Exercise details - Each line that contains the word "totally" is to be copied from the records below.

***** Source data *****

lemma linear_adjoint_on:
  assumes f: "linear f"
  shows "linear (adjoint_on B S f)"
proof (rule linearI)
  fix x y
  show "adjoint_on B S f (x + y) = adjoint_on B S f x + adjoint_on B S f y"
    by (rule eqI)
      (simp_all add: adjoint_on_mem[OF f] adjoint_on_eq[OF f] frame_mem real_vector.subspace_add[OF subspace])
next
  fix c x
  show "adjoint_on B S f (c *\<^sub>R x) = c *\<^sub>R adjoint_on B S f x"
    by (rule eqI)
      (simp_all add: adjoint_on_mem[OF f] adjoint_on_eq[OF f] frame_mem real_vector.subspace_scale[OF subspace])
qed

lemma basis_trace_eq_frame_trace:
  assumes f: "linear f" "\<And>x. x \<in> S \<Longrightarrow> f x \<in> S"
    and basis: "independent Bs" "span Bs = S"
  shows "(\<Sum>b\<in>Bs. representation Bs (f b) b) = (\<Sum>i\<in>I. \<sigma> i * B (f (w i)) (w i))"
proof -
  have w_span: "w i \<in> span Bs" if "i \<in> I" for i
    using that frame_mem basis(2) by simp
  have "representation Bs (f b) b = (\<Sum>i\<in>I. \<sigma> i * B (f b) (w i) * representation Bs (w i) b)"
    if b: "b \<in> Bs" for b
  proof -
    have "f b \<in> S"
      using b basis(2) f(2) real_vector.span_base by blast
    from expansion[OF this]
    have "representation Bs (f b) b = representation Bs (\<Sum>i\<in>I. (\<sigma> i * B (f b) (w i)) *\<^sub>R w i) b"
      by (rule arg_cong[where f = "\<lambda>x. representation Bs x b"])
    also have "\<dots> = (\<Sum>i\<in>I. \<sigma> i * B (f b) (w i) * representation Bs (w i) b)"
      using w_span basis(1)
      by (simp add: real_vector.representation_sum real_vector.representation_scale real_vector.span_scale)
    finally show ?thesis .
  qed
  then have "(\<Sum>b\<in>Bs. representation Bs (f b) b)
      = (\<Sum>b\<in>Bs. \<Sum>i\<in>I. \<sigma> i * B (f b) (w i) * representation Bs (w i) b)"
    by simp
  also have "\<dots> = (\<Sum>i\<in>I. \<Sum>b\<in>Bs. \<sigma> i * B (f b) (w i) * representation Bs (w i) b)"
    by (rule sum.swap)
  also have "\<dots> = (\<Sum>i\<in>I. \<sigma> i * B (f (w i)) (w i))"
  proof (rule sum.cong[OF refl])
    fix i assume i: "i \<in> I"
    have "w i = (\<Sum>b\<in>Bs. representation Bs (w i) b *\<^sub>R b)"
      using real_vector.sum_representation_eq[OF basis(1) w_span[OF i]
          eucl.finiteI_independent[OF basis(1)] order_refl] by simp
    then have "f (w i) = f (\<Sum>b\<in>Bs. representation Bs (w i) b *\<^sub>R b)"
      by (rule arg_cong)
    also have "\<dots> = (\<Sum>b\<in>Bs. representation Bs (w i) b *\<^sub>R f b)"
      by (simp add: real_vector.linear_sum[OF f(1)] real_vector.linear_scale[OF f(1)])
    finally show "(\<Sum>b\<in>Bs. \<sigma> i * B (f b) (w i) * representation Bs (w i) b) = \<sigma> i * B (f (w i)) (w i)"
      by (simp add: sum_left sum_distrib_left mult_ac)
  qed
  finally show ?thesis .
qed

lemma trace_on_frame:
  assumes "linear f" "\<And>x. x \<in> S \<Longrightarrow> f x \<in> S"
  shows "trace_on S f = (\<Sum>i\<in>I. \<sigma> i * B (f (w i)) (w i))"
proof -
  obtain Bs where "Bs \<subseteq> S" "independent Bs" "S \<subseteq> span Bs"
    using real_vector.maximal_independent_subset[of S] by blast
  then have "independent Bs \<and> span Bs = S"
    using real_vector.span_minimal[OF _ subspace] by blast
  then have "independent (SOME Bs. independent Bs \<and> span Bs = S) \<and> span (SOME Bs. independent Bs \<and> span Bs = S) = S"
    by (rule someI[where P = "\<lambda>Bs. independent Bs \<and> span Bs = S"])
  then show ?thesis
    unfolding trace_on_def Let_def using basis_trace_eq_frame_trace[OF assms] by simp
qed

*****
***** Source data *****

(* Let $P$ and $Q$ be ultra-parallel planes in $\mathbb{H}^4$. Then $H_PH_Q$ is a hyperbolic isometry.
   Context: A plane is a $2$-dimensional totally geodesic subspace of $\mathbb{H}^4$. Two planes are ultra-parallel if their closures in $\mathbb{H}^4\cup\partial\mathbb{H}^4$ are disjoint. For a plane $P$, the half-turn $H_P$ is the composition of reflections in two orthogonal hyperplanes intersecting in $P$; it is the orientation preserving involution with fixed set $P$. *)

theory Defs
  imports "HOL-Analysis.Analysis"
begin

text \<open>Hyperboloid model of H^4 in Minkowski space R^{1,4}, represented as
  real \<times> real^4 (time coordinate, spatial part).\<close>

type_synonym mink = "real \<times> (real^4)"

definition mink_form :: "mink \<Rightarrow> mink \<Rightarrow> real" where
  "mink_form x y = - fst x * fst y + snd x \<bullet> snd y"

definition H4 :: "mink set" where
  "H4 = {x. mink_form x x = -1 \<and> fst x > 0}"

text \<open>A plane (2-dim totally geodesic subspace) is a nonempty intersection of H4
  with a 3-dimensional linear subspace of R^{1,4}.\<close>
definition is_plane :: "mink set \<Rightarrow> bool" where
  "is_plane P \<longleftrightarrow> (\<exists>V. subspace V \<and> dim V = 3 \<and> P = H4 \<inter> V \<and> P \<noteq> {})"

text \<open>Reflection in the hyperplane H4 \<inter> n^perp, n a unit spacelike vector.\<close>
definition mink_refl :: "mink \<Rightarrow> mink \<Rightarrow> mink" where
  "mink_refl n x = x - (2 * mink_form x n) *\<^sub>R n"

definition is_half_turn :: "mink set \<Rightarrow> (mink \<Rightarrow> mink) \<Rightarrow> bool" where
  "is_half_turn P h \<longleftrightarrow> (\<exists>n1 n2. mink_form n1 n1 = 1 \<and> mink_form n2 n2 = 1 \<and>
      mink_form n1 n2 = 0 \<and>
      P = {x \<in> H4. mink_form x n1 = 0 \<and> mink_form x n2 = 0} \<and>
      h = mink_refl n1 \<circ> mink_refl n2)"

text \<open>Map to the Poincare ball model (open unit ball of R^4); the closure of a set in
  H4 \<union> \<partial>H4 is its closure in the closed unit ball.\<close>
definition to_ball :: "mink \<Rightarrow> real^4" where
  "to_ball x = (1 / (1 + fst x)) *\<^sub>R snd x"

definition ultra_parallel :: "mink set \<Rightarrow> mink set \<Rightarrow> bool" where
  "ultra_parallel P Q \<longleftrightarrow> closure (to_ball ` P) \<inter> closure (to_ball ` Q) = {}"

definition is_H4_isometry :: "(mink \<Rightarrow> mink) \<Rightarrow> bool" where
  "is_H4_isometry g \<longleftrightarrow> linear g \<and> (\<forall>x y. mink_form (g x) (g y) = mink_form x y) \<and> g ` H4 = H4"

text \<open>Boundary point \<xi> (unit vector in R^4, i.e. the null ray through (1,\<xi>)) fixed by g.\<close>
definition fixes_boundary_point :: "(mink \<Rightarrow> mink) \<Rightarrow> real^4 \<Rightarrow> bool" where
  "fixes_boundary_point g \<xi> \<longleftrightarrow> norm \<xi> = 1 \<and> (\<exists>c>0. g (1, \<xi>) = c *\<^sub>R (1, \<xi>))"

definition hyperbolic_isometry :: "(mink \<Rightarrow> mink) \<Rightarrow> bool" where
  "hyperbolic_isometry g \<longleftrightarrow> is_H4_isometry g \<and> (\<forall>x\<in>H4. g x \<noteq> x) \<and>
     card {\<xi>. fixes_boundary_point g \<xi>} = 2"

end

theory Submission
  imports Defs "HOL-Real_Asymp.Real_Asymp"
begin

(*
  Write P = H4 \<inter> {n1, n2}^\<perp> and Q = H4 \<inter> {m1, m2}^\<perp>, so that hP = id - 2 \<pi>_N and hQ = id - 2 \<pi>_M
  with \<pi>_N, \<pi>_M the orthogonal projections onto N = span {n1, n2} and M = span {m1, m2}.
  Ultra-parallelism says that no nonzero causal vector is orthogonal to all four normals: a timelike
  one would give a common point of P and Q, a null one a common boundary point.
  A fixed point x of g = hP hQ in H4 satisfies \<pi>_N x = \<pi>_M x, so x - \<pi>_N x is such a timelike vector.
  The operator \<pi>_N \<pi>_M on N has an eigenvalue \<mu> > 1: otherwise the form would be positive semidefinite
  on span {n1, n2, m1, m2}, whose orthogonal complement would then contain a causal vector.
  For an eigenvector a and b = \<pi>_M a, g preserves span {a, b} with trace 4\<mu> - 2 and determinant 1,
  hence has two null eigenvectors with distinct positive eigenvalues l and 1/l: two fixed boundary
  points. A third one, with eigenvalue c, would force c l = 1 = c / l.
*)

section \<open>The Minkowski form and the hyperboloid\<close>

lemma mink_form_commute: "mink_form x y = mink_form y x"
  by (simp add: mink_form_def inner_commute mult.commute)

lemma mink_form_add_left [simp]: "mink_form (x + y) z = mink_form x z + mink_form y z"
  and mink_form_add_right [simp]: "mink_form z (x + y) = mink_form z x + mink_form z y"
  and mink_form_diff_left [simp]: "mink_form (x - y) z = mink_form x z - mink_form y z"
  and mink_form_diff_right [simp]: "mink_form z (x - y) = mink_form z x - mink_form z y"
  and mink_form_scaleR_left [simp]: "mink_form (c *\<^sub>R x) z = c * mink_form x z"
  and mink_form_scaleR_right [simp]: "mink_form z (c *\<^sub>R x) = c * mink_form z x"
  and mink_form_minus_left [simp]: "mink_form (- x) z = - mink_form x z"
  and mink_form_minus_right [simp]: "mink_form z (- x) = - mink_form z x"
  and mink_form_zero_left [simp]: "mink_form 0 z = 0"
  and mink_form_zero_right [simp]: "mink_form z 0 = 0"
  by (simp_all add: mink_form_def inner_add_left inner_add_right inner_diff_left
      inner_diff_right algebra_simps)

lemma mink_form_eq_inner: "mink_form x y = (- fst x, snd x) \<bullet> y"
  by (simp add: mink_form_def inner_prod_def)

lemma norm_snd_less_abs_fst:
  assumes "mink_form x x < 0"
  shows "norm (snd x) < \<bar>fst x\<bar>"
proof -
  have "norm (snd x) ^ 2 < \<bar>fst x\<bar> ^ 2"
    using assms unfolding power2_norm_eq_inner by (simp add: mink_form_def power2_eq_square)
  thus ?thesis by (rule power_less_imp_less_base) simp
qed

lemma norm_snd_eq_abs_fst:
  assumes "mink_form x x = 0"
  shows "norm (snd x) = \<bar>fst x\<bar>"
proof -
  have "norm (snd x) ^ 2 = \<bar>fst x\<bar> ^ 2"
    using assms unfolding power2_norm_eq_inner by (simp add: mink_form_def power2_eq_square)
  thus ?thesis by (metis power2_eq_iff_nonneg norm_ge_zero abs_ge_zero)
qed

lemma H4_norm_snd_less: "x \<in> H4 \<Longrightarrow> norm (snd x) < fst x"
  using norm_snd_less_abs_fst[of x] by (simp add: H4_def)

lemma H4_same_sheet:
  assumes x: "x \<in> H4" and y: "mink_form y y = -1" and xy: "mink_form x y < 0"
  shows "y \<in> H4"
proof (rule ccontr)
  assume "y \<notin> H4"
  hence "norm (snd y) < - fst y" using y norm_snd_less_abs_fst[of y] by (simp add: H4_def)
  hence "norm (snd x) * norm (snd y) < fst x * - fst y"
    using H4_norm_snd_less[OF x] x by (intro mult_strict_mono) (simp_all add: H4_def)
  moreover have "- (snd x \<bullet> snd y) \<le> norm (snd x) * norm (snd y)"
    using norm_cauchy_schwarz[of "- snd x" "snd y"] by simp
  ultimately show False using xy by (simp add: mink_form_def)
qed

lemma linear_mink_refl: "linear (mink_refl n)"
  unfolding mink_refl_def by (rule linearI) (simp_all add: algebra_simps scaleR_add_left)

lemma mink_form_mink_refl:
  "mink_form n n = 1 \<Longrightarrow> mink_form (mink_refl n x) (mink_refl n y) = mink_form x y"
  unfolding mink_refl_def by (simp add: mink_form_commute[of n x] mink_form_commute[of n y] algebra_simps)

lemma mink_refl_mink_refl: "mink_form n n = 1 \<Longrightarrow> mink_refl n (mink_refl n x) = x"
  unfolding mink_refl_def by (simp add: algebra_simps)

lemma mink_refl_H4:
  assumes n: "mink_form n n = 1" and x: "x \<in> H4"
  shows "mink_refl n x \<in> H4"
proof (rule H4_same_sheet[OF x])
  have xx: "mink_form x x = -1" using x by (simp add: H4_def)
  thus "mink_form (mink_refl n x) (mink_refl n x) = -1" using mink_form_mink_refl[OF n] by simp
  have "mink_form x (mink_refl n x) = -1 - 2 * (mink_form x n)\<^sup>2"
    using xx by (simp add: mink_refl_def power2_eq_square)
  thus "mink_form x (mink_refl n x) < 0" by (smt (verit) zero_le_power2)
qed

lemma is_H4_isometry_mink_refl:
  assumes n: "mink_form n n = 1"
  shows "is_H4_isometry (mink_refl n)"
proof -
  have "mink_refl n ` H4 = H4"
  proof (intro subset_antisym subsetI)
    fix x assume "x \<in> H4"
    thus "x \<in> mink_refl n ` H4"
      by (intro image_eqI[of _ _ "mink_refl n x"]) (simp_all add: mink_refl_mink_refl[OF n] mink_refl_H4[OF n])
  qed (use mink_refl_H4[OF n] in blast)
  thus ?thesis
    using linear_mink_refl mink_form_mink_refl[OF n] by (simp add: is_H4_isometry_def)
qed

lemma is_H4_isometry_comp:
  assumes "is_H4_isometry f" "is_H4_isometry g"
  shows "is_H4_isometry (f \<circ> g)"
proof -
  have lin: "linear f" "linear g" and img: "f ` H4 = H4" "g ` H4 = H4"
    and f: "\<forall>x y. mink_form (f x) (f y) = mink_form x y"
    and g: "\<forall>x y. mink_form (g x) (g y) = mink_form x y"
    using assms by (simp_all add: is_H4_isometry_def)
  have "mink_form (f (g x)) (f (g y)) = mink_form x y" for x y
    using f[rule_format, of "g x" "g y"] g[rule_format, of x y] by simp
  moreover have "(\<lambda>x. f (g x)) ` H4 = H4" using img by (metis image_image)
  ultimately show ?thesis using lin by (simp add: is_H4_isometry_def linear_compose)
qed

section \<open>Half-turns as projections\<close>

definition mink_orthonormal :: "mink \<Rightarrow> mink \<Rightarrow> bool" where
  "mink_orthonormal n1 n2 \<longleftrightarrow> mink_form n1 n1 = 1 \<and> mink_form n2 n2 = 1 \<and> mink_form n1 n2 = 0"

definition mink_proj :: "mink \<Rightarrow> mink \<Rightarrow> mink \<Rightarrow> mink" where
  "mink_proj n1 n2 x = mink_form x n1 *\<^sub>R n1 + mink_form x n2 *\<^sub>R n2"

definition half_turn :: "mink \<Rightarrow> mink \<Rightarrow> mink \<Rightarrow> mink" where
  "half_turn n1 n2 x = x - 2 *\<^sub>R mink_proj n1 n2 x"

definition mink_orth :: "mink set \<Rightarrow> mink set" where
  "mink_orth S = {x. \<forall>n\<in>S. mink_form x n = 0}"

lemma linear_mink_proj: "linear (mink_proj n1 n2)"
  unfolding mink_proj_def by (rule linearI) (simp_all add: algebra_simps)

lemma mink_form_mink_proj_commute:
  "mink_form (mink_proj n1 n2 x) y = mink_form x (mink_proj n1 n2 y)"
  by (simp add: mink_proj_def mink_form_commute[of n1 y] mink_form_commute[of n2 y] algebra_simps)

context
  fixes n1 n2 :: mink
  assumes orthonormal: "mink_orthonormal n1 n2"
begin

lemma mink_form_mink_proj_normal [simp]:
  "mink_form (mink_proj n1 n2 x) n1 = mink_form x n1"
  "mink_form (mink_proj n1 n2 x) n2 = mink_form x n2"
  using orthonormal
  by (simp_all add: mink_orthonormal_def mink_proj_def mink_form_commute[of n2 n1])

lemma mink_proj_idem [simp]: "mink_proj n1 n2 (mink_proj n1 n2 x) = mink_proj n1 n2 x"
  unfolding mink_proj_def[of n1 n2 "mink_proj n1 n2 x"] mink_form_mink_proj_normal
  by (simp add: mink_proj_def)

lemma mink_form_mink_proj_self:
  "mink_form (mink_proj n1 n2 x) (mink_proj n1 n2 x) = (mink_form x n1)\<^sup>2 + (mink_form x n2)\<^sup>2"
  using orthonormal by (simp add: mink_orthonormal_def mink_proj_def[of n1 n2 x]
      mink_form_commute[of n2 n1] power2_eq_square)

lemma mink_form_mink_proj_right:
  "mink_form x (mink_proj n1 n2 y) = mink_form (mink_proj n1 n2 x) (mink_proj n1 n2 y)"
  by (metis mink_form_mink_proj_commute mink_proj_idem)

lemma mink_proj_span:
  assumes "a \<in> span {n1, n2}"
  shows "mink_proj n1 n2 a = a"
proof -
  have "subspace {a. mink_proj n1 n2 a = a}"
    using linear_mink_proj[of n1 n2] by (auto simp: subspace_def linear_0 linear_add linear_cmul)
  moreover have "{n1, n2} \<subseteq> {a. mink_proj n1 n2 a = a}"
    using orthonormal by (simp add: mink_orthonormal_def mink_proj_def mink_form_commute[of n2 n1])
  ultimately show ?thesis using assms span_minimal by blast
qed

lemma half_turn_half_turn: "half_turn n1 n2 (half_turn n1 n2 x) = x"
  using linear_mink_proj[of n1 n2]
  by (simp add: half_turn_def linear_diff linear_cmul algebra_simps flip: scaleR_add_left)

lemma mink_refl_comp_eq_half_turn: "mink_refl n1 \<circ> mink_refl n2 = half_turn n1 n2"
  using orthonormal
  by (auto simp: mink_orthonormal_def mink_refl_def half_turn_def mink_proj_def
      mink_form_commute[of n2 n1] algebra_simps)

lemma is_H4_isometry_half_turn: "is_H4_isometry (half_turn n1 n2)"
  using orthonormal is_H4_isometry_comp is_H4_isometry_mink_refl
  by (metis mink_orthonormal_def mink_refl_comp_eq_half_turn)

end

*****
***** Source data *****

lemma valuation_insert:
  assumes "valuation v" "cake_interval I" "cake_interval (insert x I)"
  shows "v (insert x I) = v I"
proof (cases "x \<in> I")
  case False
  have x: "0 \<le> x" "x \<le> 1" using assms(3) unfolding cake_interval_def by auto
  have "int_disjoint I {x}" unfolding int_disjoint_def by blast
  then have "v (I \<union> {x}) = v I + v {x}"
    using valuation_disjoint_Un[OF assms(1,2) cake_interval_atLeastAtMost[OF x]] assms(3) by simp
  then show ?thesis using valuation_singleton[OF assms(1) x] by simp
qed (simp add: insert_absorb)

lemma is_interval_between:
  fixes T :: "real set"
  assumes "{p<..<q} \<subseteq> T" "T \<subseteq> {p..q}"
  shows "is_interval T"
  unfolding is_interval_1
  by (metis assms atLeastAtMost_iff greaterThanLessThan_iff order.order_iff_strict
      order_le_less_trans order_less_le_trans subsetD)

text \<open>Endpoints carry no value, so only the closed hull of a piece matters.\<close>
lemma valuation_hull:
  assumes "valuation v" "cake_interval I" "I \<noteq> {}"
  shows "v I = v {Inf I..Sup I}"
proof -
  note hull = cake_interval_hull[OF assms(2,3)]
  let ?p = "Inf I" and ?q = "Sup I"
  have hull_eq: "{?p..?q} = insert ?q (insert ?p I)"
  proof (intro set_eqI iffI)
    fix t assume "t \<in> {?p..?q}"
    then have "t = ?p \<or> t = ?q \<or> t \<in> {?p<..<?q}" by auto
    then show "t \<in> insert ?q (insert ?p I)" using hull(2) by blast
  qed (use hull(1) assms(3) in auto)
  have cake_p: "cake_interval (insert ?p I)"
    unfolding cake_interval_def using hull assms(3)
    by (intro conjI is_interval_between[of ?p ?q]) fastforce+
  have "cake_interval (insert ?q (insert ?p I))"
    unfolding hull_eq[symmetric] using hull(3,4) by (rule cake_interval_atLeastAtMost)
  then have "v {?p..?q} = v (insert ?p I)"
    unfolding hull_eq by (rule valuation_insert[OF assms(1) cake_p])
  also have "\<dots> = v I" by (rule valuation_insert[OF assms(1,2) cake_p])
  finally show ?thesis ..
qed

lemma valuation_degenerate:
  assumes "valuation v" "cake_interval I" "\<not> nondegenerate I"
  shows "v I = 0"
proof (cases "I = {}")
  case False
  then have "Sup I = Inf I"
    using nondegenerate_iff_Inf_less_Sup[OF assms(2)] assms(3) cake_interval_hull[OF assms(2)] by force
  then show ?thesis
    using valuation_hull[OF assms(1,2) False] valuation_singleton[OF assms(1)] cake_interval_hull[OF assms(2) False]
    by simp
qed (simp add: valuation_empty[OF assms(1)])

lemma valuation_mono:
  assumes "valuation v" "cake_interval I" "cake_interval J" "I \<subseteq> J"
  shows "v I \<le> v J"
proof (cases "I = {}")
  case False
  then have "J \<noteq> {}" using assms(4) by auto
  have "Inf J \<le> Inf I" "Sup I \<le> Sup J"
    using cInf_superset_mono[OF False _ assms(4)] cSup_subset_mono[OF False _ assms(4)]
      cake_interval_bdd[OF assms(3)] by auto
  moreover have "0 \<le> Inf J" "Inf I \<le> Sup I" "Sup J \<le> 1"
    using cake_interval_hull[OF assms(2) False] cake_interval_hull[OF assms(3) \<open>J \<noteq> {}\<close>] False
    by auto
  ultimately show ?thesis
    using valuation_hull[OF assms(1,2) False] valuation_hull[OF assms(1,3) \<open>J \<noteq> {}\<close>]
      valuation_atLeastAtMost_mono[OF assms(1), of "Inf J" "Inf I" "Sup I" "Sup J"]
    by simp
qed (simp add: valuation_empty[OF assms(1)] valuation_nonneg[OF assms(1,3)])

*****

Response to this exercise -
   Context: A plane is a $2$-dimensional totally geodesic subspace of $\mathbb{H}^4$. Two planes are ultra-parallel if their closures in $\mathbb{H}^4\cup\partial\mathbb{H}^4$ are disjoint. For a plane $P$, the half-turn $H_P$ is the composition of reflections in two orthogonal hyperplanes intersecting in $P$; it is the orientation preserving involution with fixed set $P$. *)
text \<open>A plane (2-dim totally geodesic subspace) is a nonempty intersection of H4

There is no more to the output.